Look through the records below for the line with "case (Suc c)". Return that line and each one after it up to and including the line with "Suc.prems(2) by auto", exactly.

START Records provided

(* Let $k\ge2$ and let $\phi$ be a monotone $[k]$-edge-labeling of $K^{(2)}_n$ that minimizes the number of bad triples among all monotone $[k]$-edge-labelings of $K^{(2)}_n$. Then for every $2\le i\le k$, $$|X_i|+|X_{i+1}|\le|X_{i-2}|+|X_{i-1}|+2.$$
   Context: $K^{(2)}_n$ is the complete graph on $[n]$ with its natural order. A $[k]$-edge-labeling $\phi$ assigns to each pair $uv$ ($u<v$) a label $\phi(uv)\in\{1,\dots,k\}$; it is monotone if $\phi(uv)\le\phi(vw)$ whenever $u<v<w$. A triple $u<v<w$ is good if $\phi(uv)<\phi(vw)$ and bad otherwise. Define $\Phi_L(1)=0$ and $\Phi_L(v)=\max\{\phi(uv):u<v\}$ for $v>1$. For $0\le i\le k+1$ let $X_i=\{v\in[n]:\Phi_L(v)=i\}$. *)

theory Defs
  imports Main
begin

text \<open>An edge labeling of the complete graph on [n] = {1..n} is a function phi with
  phi u v the label of the pair uv for u < v (values outside this range are irrelevant).\<close>

definition is_labeling :: "nat \<Rightarrow> nat \<Rightarrow> (nat \<Rightarrow> nat \<Rightarrow> nat) \<Rightarrow> bool" where
  "is_labeling n k phi \<longleftrightarrow>
     (\<forall>u v. 1 \<le> u \<and> u < v \<and> v \<le> n \<longrightarrow> phi u v \<in> {1..k})"

definition monotone_labeling :: "nat \<Rightarrow> nat \<Rightarrow> (nat \<Rightarrow> nat \<Rightarrow> nat) \<Rightarrow> bool" where
  "monotone_labeling n k phi \<longleftrightarrow> is_labeling n k phi \<and>
     (\<forall>u v w. 1 \<le> u \<and> u < v \<and> v < w \<and> w \<le> n \<longrightarrow> phi u v \<le> phi v w)"

definition bad_triples :: "nat \<Rightarrow> (nat \<Rightarrow> nat \<Rightarrow> nat) \<Rightarrow> (nat \<times> nat \<times> nat) set" where
  "bad_triples n phi = {(u, v, w). 1 \<le> u \<and> u < v \<and> v < w \<and> w \<le> n \<and> \<not> phi u v < phi v w}"

definition num_bad :: "nat \<Rightarrow> (nat \<Rightarrow> nat \<Rightarrow> nat) \<Rightarrow> nat" where
  "num_bad n phi = card (bad_triples n phi)"

definition PhiL :: "(nat \<Rightarrow> nat \<Rightarrow> nat) \<Rightarrow> nat \<Rightarrow> nat" where
  "PhiL phi v = (if v \<le> 1 then 0 else Max {phi u v | u. 1 \<le> u \<and> u < v})"

definition Xset :: "nat \<Rightarrow> (nat \<Rightarrow> nat \<Rightarrow> nat) \<Rightarrow> nat \<Rightarrow> nat set" where
  "Xset n phi i = {v. 1 \<le> v \<and> v \<le> n \<and> PhiL phi v = i}"

end

theory Submission
  imports Defs
begin

(* Since phi is monotone, PhiL is nondecreasing and phi u v lies between PhiL u and PhiL v, so the
  levels X_j are consecutive intervals of [n].  Every inequality comes from comparing phi with a
  monotone labeling obtained by lowering some labels, counting bad triples by their middle vertex.

  If level j - 1 is empty, the labels into the first vertex of X_j can be lowered by one, which
  removes all bad triples centred there; but two vertices of one level always produce such a
  triple, so |X_j| <= 1.  Lowering the first vertices of X_i and X_(i+1) together in the same way
  settles the case that X_(i-2) and X_(i-1) are both empty.

  Otherwise let w be the first vertex of X_i, p the number of edges labelled i into w, and a the
  first vertex of X_(i-2) u X_(i-1).  Capping the labels at w destroys at least
  p (|X_i| - 1) + sum_(j < |X_(i+1)|) min(p, j) bad triples and creates at most the sum of u - a
  over at most min(p, |X_(i-2)| + |X_(i-1)|) vertices u of X_(i-1).  If |X_i| + |X_(i+1)| exceeded
  |X_(i-2)| + |X_(i-1)| + 2, the destroyed triples would outnumber the created ones. *)

lemma sum_diff_le_sum_countdown:
  fixes U :: "nat set"
  assumes "finite U" "U \<subseteq> {a..b}"
  shows "(\<Sum>u\<in>U. u - a) \<le> (\<Sum>j<card U. b - a - j)"
  using assms
proof (induction "card U" arbitrary: U b)
  case 0
  then show ?case by simp
next
  case (Suc c)
  define m where "m = Max U"
  have "U \<noteq> {}" using Suc.hyps(2) by auto
  then have m: "m \<in> U" "\<And>u. u \<in> U \<Longrightarrow> u \<le> m"
    using Suc.prems(1) by (auto simp: m_def)
  have "U - {m} \<subseteq> {a..m - 1}"
    using m Suc.prems(2) by (fastforce simp: le_diff_conv2)
  moreover have "c = card (U - {m})" using Suc.hyps(2) m(1) Suc.prems(1) by simp
  ultimately have IH: "(\<Sum>u\<in>U - {m}. u - a) \<le> (\<Sum>j<c. m - 1 - a - j)"
    using Suc.hyps(1) Suc.prems(1) by blast
  have "m \<le> b" using m(1) Suc.prems(2) by auto
  then have "(\<Sum>j<c. m - 1 - a - j) \<le> (\<Sum>j<c. b - a - Suc j)"
    by (intro sum_mono) linarith
  have "(\<Sum>u\<in>U. u - a) = (m - a) + (\<Sum>u\<in>U - {m}. u - a)"
    using Suc.prems(1) m(1) by (simp add: sum.remove)
  also have "\<dots> \<le> (b - a) + (\<Sum>j<c. b - a - Suc j)"
    using IH \<open>m \<le> b\<close> \<open>(\<Sum>j<c. m - 1 - a - j) \<le> _\<close> by linarith
  also have "\<dots> = (\<Sum>j<Suc c. b - a - j)"
    by (simp only: sum.lessThan_Suc_shift diff_zero)
  finally show ?case using Suc.hyps(2) by simp
qed

lemma sum_min_Suc_lessThan: "(\<Sum>j<r. min (Suc q) j) = (\<Sum>j<r. min q j) + (r - Suc q)"
  for q r :: nat
  by (induction r) auto

lemma sum_countdown_plus_le:
  fixes s r M q :: nat
  assumes "M + 4 \<le> s + r" "q \<le> M + 1"
  shows "(\<Sum>j<q. M - j) + q \<le> q * (s - 1) + (\<Sum>j<r. min q j)"
  using assms(2)
proof (induction q)
  case 0
  then show ?case by simp
next
  case (Suc q)
  then have IH: "(\<Sum>j<q. M - j) + q \<le> q * (s - 1) + (\<Sum>j<r. min q j)" by simp
  have "M - q + 1 \<le> (s - 1) + (r - Suc q)" using assms(1) Suc.prems by linarith
  with IH have "(\<Sum>j<Suc q. M - j) + Suc q
      \<le> (q * (s - 1) + (\<Sum>j<r. min q j)) + ((s - 1) + (r - Suc q))"
    by simp
  also have "\<dots> = Suc q * (s - 1) + (\<Sum>j<r. min (Suc q) j)" by (simp add: sum_min_Suc_lessThan)
  finally show ?case .
qed

lemma sum_countdown_less:
  fixes s r M m p :: nat
  assumes "M + 4 \<le> s + r" "m \<le> p" "1 \<le> p" "m \<le> M + 1"
  shows "(\<Sum>j<m. M - j) < p * (s - 1) + (\<Sum>j<r. min p j)"
proof -
  define q where "q = max m 1"
  have q: "1 \<le> q" "m \<le> q" "q \<le> p" "q \<le> M + 1" using assms by (auto simp: q_def)
  have "(\<Sum>j<m. M - j) \<le> (\<Sum>j<q. M - j)" using q by (intro sum_mono2) auto
  also have "\<dots> < (\<Sum>j<q. M - j) + q" using q by simp
  also have "\<dots> \<le> q * (s - 1) + (\<Sum>j<r. min q j)" using sum_countdown_plus_le[OF assms(1) q(4)] .
  also have "\<dots> \<le> p * (s - 1) + (\<Sum>j<r. min p j)"
    using q by (intro add_mono mult_le_mono1 sum_mono) auto
  finally show ?thesis .
qed

lemma sum_atLeastAtMost_rev: "(\<Sum>y\<in>{lo..hi::nat}. f (hi - y)) = (\<Sum>j<Suc hi - lo. f j)"
  by (rule sum.reindex_bij_witness[of _ "\<lambda>j. hi - j" "\<lambda>y. hi - y"]) auto

lemma convex_nat_set_eq_atLeastAtMost:
  fixes S :: "nat set"
  assumes "finite S" "S \<noteq> {}" "\<And>a b x. a \<in> S \<Longrightarrow> b \<in> S \<Longrightarrow> a \<le> x \<Longrightarrow> x \<le> b \<Longrightarrow> x \<in> S"
  shows "S = {Min S..Max S}"
proof
  show "S \<subseteq> {Min S..Max S}" using assms(1) by auto
  show "{Min S..Max S} \<subseteq> S"
    using assms(3)[OF Min_in[OF assms(1,2)] Max_in[OF assms(1,2)]] by auto
qed

lemma PhiL_eq_Max_image: "2 \<le> v \<Longrightarrow> PhiL phi v = Max ((\<lambda>u. phi u v) ` {1..<v})"
  unfolding PhiL_def by (auto intro!: arg_cong[where f = Max])

lemma phi_le_PhiL: "1 \<le> u \<Longrightarrow> u < v \<Longrightarrow> phi u v \<le> PhiL phi v"
  by (simp add: PhiL_eq_Max_image)

lemma PhiL_attained: "2 \<le> v \<Longrightarrow> \<exists>u. 1 \<le> u \<and> u < v \<and> phi u v = PhiL phi v"
proof -
  assume "2 \<le> v"
  then have "PhiL phi v \<in> (\<lambda>u. phi u v) ` {1..<v}"
    unfolding PhiL_eq_Max_image[OF \<open>2 \<le> v\<close>] by (intro Max_in) auto
  then show ?thesis by auto
qed

lemma mem_Xset: "v \<in> Xset n phi j \<longleftrightarrow> 1 \<le> v \<and> v \<le> n \<and> PhiL phi v = j"
  by (simp add: Xset_def)

lemma finite_Xset: "finite (Xset n phi j)"
  by (rule finite_subset[of _ "{1..n}"]) (auto simp: mem_Xset)

definition bad_at :: "nat \<Rightarrow> (nat \<Rightarrow> nat \<Rightarrow> nat) \<Rightarrow> nat \<Rightarrow> (nat \<times> nat) set" where
  "bad_at n phi v = {(x, y). 1 \<le> x \<and> x < v \<and> v < y \<and> y \<le> n \<and> \<not> phi x v < phi v y}"

lemma finite_bad_at: "finite (bad_at n phi v)"
  by (rule finite_subset[of _ "{1..n} \<times> {1..n}"]) (auto simp: bad_at_def)

lemma num_bad_eq_sum_bad_at: "num_bad n phi = (\<Sum>v\<in>{1..n}. card (bad_at n phi v))"
proof -
  have "bad_triples n phi = (\<Union>v\<in>{1..n}. (\<lambda>(x, y). (x, v, y)) ` bad_at n phi v)"
    by (auto simp: bad_triples_def bad_at_def image_iff)
  also have "card \<dots> = (\<Sum>v\<in>{1..n}. card ((\<lambda>(x, y). (x, v, y)) ` bad_at n phi v))"
    by (rule card_UN_disjoint) (auto simp: finite_bad_at)
  also have "\<dots> = (\<Sum>v\<in>{1..n}. card (bad_at n phi v))"
    by (intro sum.cong card_image inj_onI) auto
  finally show ?thesis unfolding num_bad_def .
qed

lemma bad_at_subset_if_lowered_above_PhiL:
  assumes "\<And>x. 1 \<le> x \<Longrightarrow> x < v \<Longrightarrow> psi x v \<le> phi x v"
    and "\<And>y. v < y \<Longrightarrow> y \<le> n \<Longrightarrow> psi v y < phi v y \<Longrightarrow> PhiL phi v < psi v y"
  shows "bad_at n psi v \<subseteq> bad_at n phi v"
proof
  fix p assume "p \<in> bad_at n psi v"
  then obtain x y where p: "p = (x, y)" and xy: "1 \<le> x" "x < v" "v < y" "y \<le> n"
    and bad: "psi v y \<le> psi x v" by (auto simp: bad_at_def)
  have "psi x v \<le> PhiL phi v" using assms(1)[OF xy(1,2)] phi_le_PhiL[OF xy(1,2), of phi] by simp
  then have "phi v y \<le> psi v y" using assms(2)[OF xy(3,4)] bad by linarith
  then show "p \<in> bad_at n phi v" using p xy bad assms(1)[OF xy(1,2)] by (auto simp: bad_at_def)
qed

definition lower_into :: "nat set \<Rightarrow> (nat \<Rightarrow> nat \<Rightarrow> nat) \<Rightarrow> nat \<Rightarrow> nat \<Rightarrow> nat" where
  "lower_into S phi x v = (if v \<in> S then min (phi x v) (PhiL phi v - 1) else phi x v)"

(* Capping the labels into w at i - 1 and
  those out of w at i removes all bad triples centred at w; the extra cap at i - 2 on edges from
  levels <= i - 3 into level i - 1 makes every new bad triple (x, v, w) have x at level >= i - 2. *)
definition relabel :: "(nat \<Rightarrow> nat \<Rightarrow> nat) \<Rightarrow> nat \<Rightarrow> nat \<Rightarrow> nat \<Rightarrow> nat \<Rightarrow> nat" where
  "relabel phi i w x v =
     (if v = w then min (phi x v) (i - 1)
      else if x = w then min (phi x v) i
      else if PhiL phi v = i - 1 \<and> PhiL phi x + 3 \<le> i then min (phi x v) (i - 2)
      else phi x v)"

lemma lower_into_le: "lower_into S phi x v \<le> phi x v"
  by (simp add: lower_into_def)

lemma relabel_le: "relabel phi i w x v \<le> phi x v"
  by (simp add: relabel_def)

locale monotone_edge_labeling =
  fixes n k :: nat and phi :: "nat \<Rightarrow> nat \<Rightarrow> nat"
  assumes monotone: "monotone_labeling n k phi"
begin

lemma label_range: "1 \<le> u \<Longrightarrow> u < v \<Longrightarrow> v \<le> n \<Longrightarrow> 1 \<le> phi u v \<and> phi u v \<le> k"
  using monotone unfolding monotone_labeling_def is_labeling_def by auto

lemma label_mono: "1 \<le> u \<Longrightarrow> u < v \<Longrightarrow> v < w \<Longrightarrow> w \<le> n \<Longrightarrow> phi u v \<le> phi v w"
  using monotone unfolding monotone_labeling_def by blast

lemma PhiL_le_label: "1 \<le> v \<Longrightarrow> v < y \<Longrightarrow> y \<le> n \<Longrightarrow> PhiL phi v \<le> phi v y"
proof (cases "v = 1")
  case False
  assume "1 \<le> v" "v < y" "y \<le> n"
  with False obtain u where "1 \<le> u" "u < v" "phi u v = PhiL phi v"
    using PhiL_attained[of v phi] by auto
  with \<open>v < y\<close> \<open>y \<le> n\<close> show ?thesis using label_mono[of u v y] by auto
qed (simp add: PhiL_def)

END Records provided

Result for this task:
  case (Suc c)
  define m where "m = Max U"
  have "U \<noteq> {}" using Suc.hyps(2) by auto
  then have m: "m \<in> U" "\<And>u. u \<in> U \<Longrightarrow> u \<le> m"
    using Suc.prems(1) by (auto simp: m_def)
  have "U - {m} \<subseteq> {a..m - 1}"
    using m Suc.prems(2) by (fastforce simp: le_diff_conv2)
  moreover have "c = card (U - {m})" using Suc.hyps(2) m(1) Suc.prems(1) by simp
  ultimately have IH: "(\<Sum>u\<in>U - {m}. u - a) \<le> (\<Sum>j<c. m - 1 - a - j)"
    using Suc.hyps(1) Suc.prems(1) by blast
  have "m \<le> b" using m(1) Suc.prems(2) by auto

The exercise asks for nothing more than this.